Here we will try to cover some of the cases that might be useful in your projects

Grouping multiple settings by the same rule

So imagine you have a group of settings that have the same permission, and also you want to add a note to the helpline for those settings. You can set permissions and helpline for each seating separately, but you can also group them and assign those rules to the group.

from content_settings.types.basic import SimpleString
from content_settings.permissions import superuser
from content_settings.context_mamagers import context_defaults, help_format

with context_defaults(help_format("{}. Only superuser can change that"), update_permission=superuser):
    SITE_TITLE = SimpleString("Book Store", help="title for the site")
    SITE_KEYWORDS = SimpleString("books, store, popular", help="head keywords")

The above settigs lines can be replaced without context_defaults as:

# same imports

SITE_TITLE = SimpleString(
    "Book Store", 
    update_permission=superuser,
    help="title for the site. Only superuser can change that",
)
SITE_KEYWORDS = SimpleString(
    "books, store, popular",
    update_permission=superuser,
    help="head keywords. Only superuser can change that",
)

Setting as class attribute (lazy settings)

Imagine you have a content_settings.py

from content_settings.types.basic import SimpleInt

POSTS_PER_PAGE = SimpleInt(10, help="How many blog posts will be shown per page")

If you create a view.py


from django.views.generic import ListView
from blog.models import Post
from content_settings.conf import content_settings


class PostListView(ListView):
    model = Post
    paginate_by = content_settings.POSTS_PER_PAGE

That would work, until you update POSTS_PER_PAGE in django admin and found out that update does not work. What you should do instead is to set a lazy value to that attribute

# same imports

class PostListView(ListView):
    model = Post
    paginate_by = content_settings.lazy__POSTS_PER_PAGE # <-- update

I know that you can simply overwrite get_paginate_by function, I've just use it to show an idea

How to test setting change?

Use content_settings_context from content_settings.context_managers.
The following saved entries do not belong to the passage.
abbreviation played :: "outcome \<Rightarrow> nat \<Rightarrow> nat \<Rightarrow> nat" where "played \<omega> T \<equiv> acts K Dd \<beta> sel \<omega> T"

text \<open>A round in which a suboptimal arm \<open>k\<close> is played is charged to arm 1 if its index is below
  \<open>\<theta>\<^sub>1 - \<delta>\<^sub>k\<close>, to arm \<open>k\<close> if its estimate exceeds \<open>\<theta>\<^sub>k + \<delta>\<^sub>k\<close>, and otherwise bounds the
  pull count of \<open>k\<close>; here \<open>\<delta>\<^sub>k\<close> is \<open>margin k\<close>.  Once \<open>k\<close> has been pulled \<open>pulls_min k\<close>
  times, the delays discount at most the fraction \<open>\<eta>\<^sub>k = delay_loss k\<close> of its pulls.  Both are
  proportional to \<open>\<epsilon> \<Delta>\<^sub>k\<close> so that \<open>log_coeff k\<close> is at most \<open>(1 + \<epsilon>)/((1 - \<epsilon>) 2\<Delta>\<^sub>k\<^sup>2)\<close>.\<close>

definition gap :: "nat \<Rightarrow> real" where "gap k = \<theta> 1 - \<theta> k"
definition margin :: "nat \<Rightarrow> real" where "margin k = \<epsilon> * gap k / 8"
definition delay_loss :: "nat \<Rightarrow> real" where "delay_loss k = \<epsilon> * gap k / 32"
definition pulls_min :: "nat \<Rightarrow> real" where "pulls_min k = 4 * c / (delay_loss k)\<^sup>2"
definition log_coeff :: "nat \<Rightarrow> real" where "log_coeff k = (1 + \<epsilon>) / (2 * (gap k - 2 * margin k)\<^sup>2 * (1 - delay_loss k)\<^sup>2)"

lemma theta1_bounds: "0 \<le> \<theta> 1" "\<theta> 1 \<le> 1" using theta_bounds K_pos by auto

lemma arm_params:
  assumes k: "k \<in> {2..K}"
  shows "0 < gap k" "gap k \<le> 1" "0 < margin k" "0 < delay_loss k" "delay_loss k < 1/2"
    "0 < pulls_min k" "gap k - 2 * margin k > 0" "0 \<le> \<theta> k" "\<theta> k \<le> 1"
proof -
  have tk: "0 \<le> \<theta> k" "\<theta> k \<le> 1" using theta_bounds k by auto
  have lt: "\<theta> k < \<theta> 1" using theta_1_max k by auto
  show gap_pos: "0 < gap k" using lt by (simp add: gap_def)
  show gap_le: "gap k \<le> 1" using tk theta1_bounds by (simp add: gap_def)
  show "0 < margin k" using gap_pos eps_pos by (simp add: margin_def)
  show loss_pos: "0 < delay_loss k" using gap_pos eps_pos by (simp add: delay_loss_def)
  have "\<epsilon> * gap k \<le> 1 * 1" using gap_le eps_lt_1 eps_pos gap_pos by (intro mult_mono) auto
  then show "delay_loss k < 1/2" by (simp add: delay_loss_def)
  show "0 < pulls_min k" using loss_pos c_pos by (simp add: pulls_min_def)
  have "\<epsilon> * gap k < 4 * gap k" using eps_lt_1 gap_pos by (intro mult_strict_right_mono) auto
  then show "gap k - 2 * margin k > 0" by (simp add: margin_def)
  show "0 \<le> \<theta> k" "\<theta> k \<le> 1" by (fact tk)+
qed

lemma delay_loss_eq_margin: "delay_loss k = margin k / 4" by (simp add: delay_loss_def margin_def)

lemma margin_delay_loss_sq_ge:
  assumes k: "k \<in> {2..K}"
  shows "(1 - \<epsilon>) * (gap k)\<^sup>2 \<le> (gap k - 2 * margin k)\<^sup>2 * (1 - delay_loss k)\<^sup>2"
proof -
  define q where "q = 1 - \<epsilon> / 4"
  have q: "0 < q" "q \<le> 1" using eps_pos eps_lt_1 by (auto simp: q_def)
  have "1 - \<epsilon> \<le> q ^ 4"
    using Bernoulli_inequality[of "- \<epsilon> / 4" 4] eps_pos eps_lt_1 by (simp add: q_def)
  have "\<epsilon> * gap k \<le> \<epsilon> * 1" using arm_params(2)[OF k] eps_pos by (intro mult_left_mono) auto
  then have "q \<le> 1 - delay_loss k" unfolding q_def delay_loss_def using eps_pos by linarith
  have "(1 - \<epsilon>) * (gap k)\<^sup>2 \<le> q ^ 4 * (gap k)\<^sup>2"
    using \<open>1 - \<epsilon> \<le> q ^ 4\<close> by (intro mult_right_mono) auto
  also have "\<dots> = (q * gap k)\<^sup>2 * q\<^sup>2" by (simp add: power2_eq_square power4_eq_xxxx)
  also have "\<dots> \<le> (q * gap k)\<^sup>2 * (1 - delay_loss k)\<^sup>2"
    using \<open>q \<le> 1 - delay_loss k\<close> q by (intro mult_left_mono power_mono) auto
  also have "q * gap k = gap k - 2 * margin k" by (simp add: q_def margin_def algebra_simps)
  finally show ?thesis .
qed

lemma log_coeff_gap_le:
  assumes k: "k \<in> {2..K}"
  shows "log_coeff k * gap k \<le> (1 + \<epsilon>) / (1 - \<epsilon>) * (1 / (2 * gap k))"
proof -
  note P = arm_params[OF k]
  have pos: "0 < (gap k - 2 * margin k)\<^sup>2 * (1 - delay_loss k)\<^sup>2" using P by simp
  have "log_coeff k * gap k = (1 + \<epsilon>) * gap k / (2 * ((gap k - 2 * margin k)\<^sup>2 * (1 - delay_loss k)\<^sup>2))"
    by (simp add: log_coeff_def mult.assoc)
  also have "\<dots> \<le> (1 + \<epsilon>) * gap k / (2 * ((1 - \<epsilon>) * (gap k)\<^sup>2))"
  proof (rule divide_left_mono)
    show "2 * ((1 - \<epsilon>) * (gap k)\<^sup>2) \<le> 2 * ((gap k - 2 * margin k)\<^sup>2 * (1 - delay_loss k)\<^sup>2)"
      using margin_delay_loss_sq_ge[OF k] by simp
    show "0 \<le> (1 + \<epsilon>) * gap k" using eps_pos P(1) by simp
    show "0 < 2 * ((gap k - 2 * margin k)\<^sup>2 * (1 - delay_loss k)\<^sup>2) * (2 * ((1 - \<epsilon>) * (gap k)\<^sup>2))"
      using pos eps_lt_1 P(1) by (intro mult_pos_pos) auto
  qed
  also have "\<dots> = (1 + \<epsilon>) / (1 - \<epsilon>) * (1 / (2 * gap k))"
    using P eps_lt_1 by (simp add: power2_eq_square field_simps)
  finally show ?thesis .
qed

section \<open>Pulls of a suboptimal arm\<close>

lemma played_diag: "s \<le> T \<Longrightarrow> played \<omega> T s = played \<omega> s s"
  by (subst acts_eq_diag) simp

lemma pulls_played_diag: "s \<le> T \<Longrightarrow> pulls (played \<omega> s) k s = pulls (played \<omega> T) k s"
  by (rule pulls_cong) (metis less_imp_le order.trans played_diag)

lemma played_in_arms: "1 \<le> s \<Longrightarrow> played \<omega> s s \<in> {1..K}"
  using acts_in_arms[OF _ order_refl K_pos sel_in] by blast

lemma Ntil_ge_delay_loss:
  assumes k: "k \<in> {2..K}" and n: "real (pulls A k t) \<ge> pulls_min k"
  shows "Ntil Dd A k t \<ge> (1 - delay_loss k) * real (pulls A k t)"
proof -
  note P = arm_params[OF k]
  define n where "n = real (pulls A k t)"
  have n_pos: "n > 0" using n P by (simp add: n_def)
  define M where "M = delay_loss k * n / 2"
  have M: "M > 0" using P n_pos by (simp add: M_def)
  have "4 * c / (delay_loss k)\<^sup>2 \<le> n" using n by (simp add: n_def pulls_min_def)
  then have "2 * c \<le> (delay_loss k * n / 2) * delay_loss k"
    using P by (simp add: pos_divide_le_eq power2_eq_square algebra_simps)
  then have "n * c / M \<le> delay_loss k * n / 2"
    using n_pos P by (simp add: M_def field_simps)
  then have "(1 - delay_loss k) * n \<le> n - M - n * c / M"
    by (simp add: M_def algebra_simps)
  also have "\<dots> \<le> Ntil Dd A k t"
    unfolding n_def by (rule Ntil_ge[OF tail M c_pos])
  finally show ?thesis by (simp add: n_def)
qed

lemma Ntil_pos_of_pulls_ge:
  assumes k: "k \<in> {2..K}" and n: "real (pulls A k t) \<ge> pulls_min k"
  shows "Ntil Dd A k t > 0"
proof -
  have "0 < (1 - delay_loss k) * real (pulls A k t)"
    using arm_params[OF k] n by (intro mult_pos_pos) auto
  then show ?thesis using Ntil_ge_delay_loss[OF k n] by linarith
qed

definition ucb1_low :: "nat \<Rightarrow> outcome \<Rightarrow> nat \<Rightarrow> nat \<Rightarrow> bool" where
  "ucb1_low k \<omega> T t = (0 < Ntil Dd (played \<omega> T) 1 t \<and> UCB Dd \<beta> \<omega> (played \<omega> T) 1 t \<le> \<theta> 1 - margin k)"

lemma UCB_played_ge_UCB_1:
  assumes "K < t" "t \<le> T" and k: "played \<omega> T t = k" and pos: "Ntil Dd (played \<omega> T) k t > 0"
  shows "0 < Ntil Dd (played \<omega> T) 1 t" "UCB Dd \<beta> \<omega> (played \<omega> T) 1 t \<le> UCB Dd \<beta> \<omega> (played \<omega> T) k t"
proof -
  have cand: "k \<in> candidates K Dd \<beta> \<omega> (played \<omega> T) t"
    using acts_in_candidates[OF assms(1,2) K_pos sel_in, where Dd=Dd and \<beta>=\<beta> and \<omega>=\<omega>] k by simp
  then have no_zero: "\<not> (\<exists>j\<in>{1..K}. Ntil Dd (played \<omega> T) j t = 0)"
    using pos unfolding candidates_def by (auto split: if_splits)
  then show "0 < Ntil Dd (played \<omega> T) 1 t"
    using K_pos Ntil_nonneg[of Dd "played \<omega> T" 1 t] by force
  show "UCB Dd \<beta> \<omega> (played \<omega> T) 1 t \<le> UCB Dd \<beta> \<omega> (played \<omega> T) k t"
    using cand no_zero K_pos unfolding candidates_def by auto
qed

text \<open>When arm \<open>k\<close> is played although the index of arm 1 is not too low and the estimate of
  \<open>\<theta>\<^sub>k\<close> is not too high, the exploration bonus of \<open>k\<close> exceeds \<open>\<Delta>\<^sub>k - 2\<delta>\<^sub>k\<close>; this is only
  possible while \<open>k\<close> has been pulled fewer than \<open>log_coeff k * ln T\<close> times.\<close>

lemma pulls_lt_log_coeff:
  assumes k: "k \<in> {2..K}" and t: "t \<in> {1..T}" "K < t" and played: "played \<omega> T t = k"
    and n: "real (pulls (played \<omega> T) k t) \<ge> pulls_min k" and not_low: "\<not> ucb1_low k \<omega> T t"
    and estimate: "theta_hat Dd \<omega> (played \<omega> T) k t \<le> \<theta> k + margin k"
  shows "real (pulls (played \<omega> T) k t) < log_coeff k * ln (real T)"
proof -
  note P = arm_params[OF k]
  define A where "A = played \<omega> T"
  define n where "n = real (pulls A k t)"
  define N where "N = Ntil Dd A k t"
  have N_pos: "N > 0" using Ntil_pos_of_pulls_ge[OF k n] by (simp add: N_def A_def)
  have n_pos: "n > 0" using n P by (simp add: n_def A_def)
  have \<beta>_nonneg: "\<beta> t \<ge> 0" using t eps_pos by auto
  have "UCB Dd \<beta> \<omega> A k t > \<theta> 1 - margin k"
    using UCB_played_ge_UCB_1[of t T \<omega> k] N_pos not_low t played
    by (fastforce simp: ucb1_low_def A_def N_def)
  then have "sqrt (n * \<beta> t / 2) / N > gap k - 2 * margin k"
    using estimate sqrt_bonus_eq[OF N_pos \<beta>_nonneg, of n]
    by (simp add: UCB_def gap_def A_def N_def n_def Ncnt_eq_pulls)
  then have "n < \<beta> t / (2 * ((gap k - 2 * margin k)\<^sup>2 * (1 - delay_loss k)\<^sup>2))"
    using pulls_lt_of_bonus_gt[OF _ _ _ n_pos \<beta>_nonneg] Ntil_ge_delay_loss[OF k n] P
    by (simp add: N_def n_def A_def)
  also have "\<dots> \<le> (1 + \<epsilon>) * ln (real T) / (2 * ((gap k - 2 * margin k)\<^sup>2 * (1 - delay_loss k)\<^sup>2))"
    using t eps_pos P by (intro divide_right_mono mult_left_mono) auto
  finally show ?thesis by (simp add: log_coeff_def n_def A_def mult.commute mult.assoc)
qed

text \<open>\<open>coin_dev k n\<close> is the deviation from \<open>n \<theta>\<^sub>k\<close> of the first \<open>n\<close> conversions of arm \<open>k\<close>,
  whether observed yet or not.\<close>

definition pulled_below :: "nat \<Rightarrow> nat \<Rightarrow> nat \<Rightarrow> outcome \<Rightarrow> bool" where
  "pulled_below k n s \<omega> = (played \<omega> s s = k \<and> pulls (played \<omega> s) k s < n)"

definition coin :: "nat \<Rightarrow> nat \<Rightarrow> (nat \<Rightarrow> bool) \<times> nat \<Rightarrow> real" where
  "coin k s r = (if fst r k then 1 else 0)"

definition coin_dev :: "nat \<Rightarrow> nat \<Rightarrow> nat \<Rightarrow> outcome \<Rightarrow> real" where
  "coin_dev k n T \<omega> = dev_sum (pulled_below k n) (coin k) (\<lambda>s. \<theta> k) T \<omega>"

lemma pulled_below_eq:
  "s \<le> T \<Longrightarrow> pulled_below k n s \<omega> = (played \<omega> T s = k \<and> pulls (played \<omega> T) k s < n)"
  unfolding pulled_below_def by (simp add: played_diag[of s T] pulls_played_diag)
You can use it as test decorator:

@content_settings_context(TITLE="New Book Store")
def test_get_simple_text_updated():
    resp = get_anonymous_client().get("/content-settings/fetch/title/")
    assert resp.status_code == 200
    assert resp.json() == {"TITLE": "New Book Store"}

or as context manager:

def test_get_simple_text_updated_twice():
    client = get_anonymous_client()
    with content_settings_context(TITLE="New Book Store"):
        resp = client.get("/content-settings/fetch/title/")
        assert resp.status_code == 200
        assert resp.json() == {"TITLE": "New Book Store"}

    with content_settings_context(TITLE="SUPER New Book Store"):
        resp = client.get("/content-settings/fetch/title/")
        assert resp.status_code == 200
        assert resp.json() == {"TITLE": "SUPER New Book Store"}

I have an endless running command and I want to keep all of the settings updated within that script

In order to do so you need manually check updates inside of the endless loop. Use check_update function from content_settings.caching module for that.

from django.core.management.base import BaseCommand
from content_settings.caching import check_update

class Command(BaseCommand):
    def handle(self, *args, **options):
        while True:
            check_update()

            # your stuff

I want to have all of the celery tasks updated with a celery/huey/other task

It is done automatically.

Changin variable should trigger a procedure, for example data sync.

You can add post_save handled for models.ContentSetting and check which variable was changed.

The important thing to notice here is that content_settings.VARIABLE woudn't have a new value in that handler, as the new value appears in the system only after caching.check_update() - for django views it is in the beginnging of the next request.

In order to get a new value you can have a couple use cases.

Case #1 - manually conver raw data into object.

from django.db.models.signals import post_save
from django.dispatch import receiver
from content_settings.models import ContentSetting

@receiver(post_save, sender=ContentSetting)
def process_variable_update(instance, created, **kwargs):
    if instance.name != 'VARIABLE':
        continue
    val = content_settings.type__VARIABLE.give_python(instance.value)

    # process value

Case #2 - use content_settings_context from context_managers. One was created to tests and it is used in admin-panel for preview variables which use other variables in change view, but you can use it in real code

# same imports
from content_settings.context_managers import content_settings_context

@receiver(post_save, sender=ContentSetting)
def process_variable_update(instance, created, **kwargs):
    if instance.name != 'VARIABLE':
        continue

    with content_settings_context(VARIABLE=instance.value):
        val = content_settings.VARIABLE

    # process value

What if I had a SimpleText variable, but after some project iterations, I realized I needed a template? Should I go back and change all of the variables from VARNAME to VARNAME()?

No, if your template has no input arguments you can use mixin GiveCallMixin or use NoArgs types such as DjangoTemplateNoArgs and SimpleEvalNoArgs.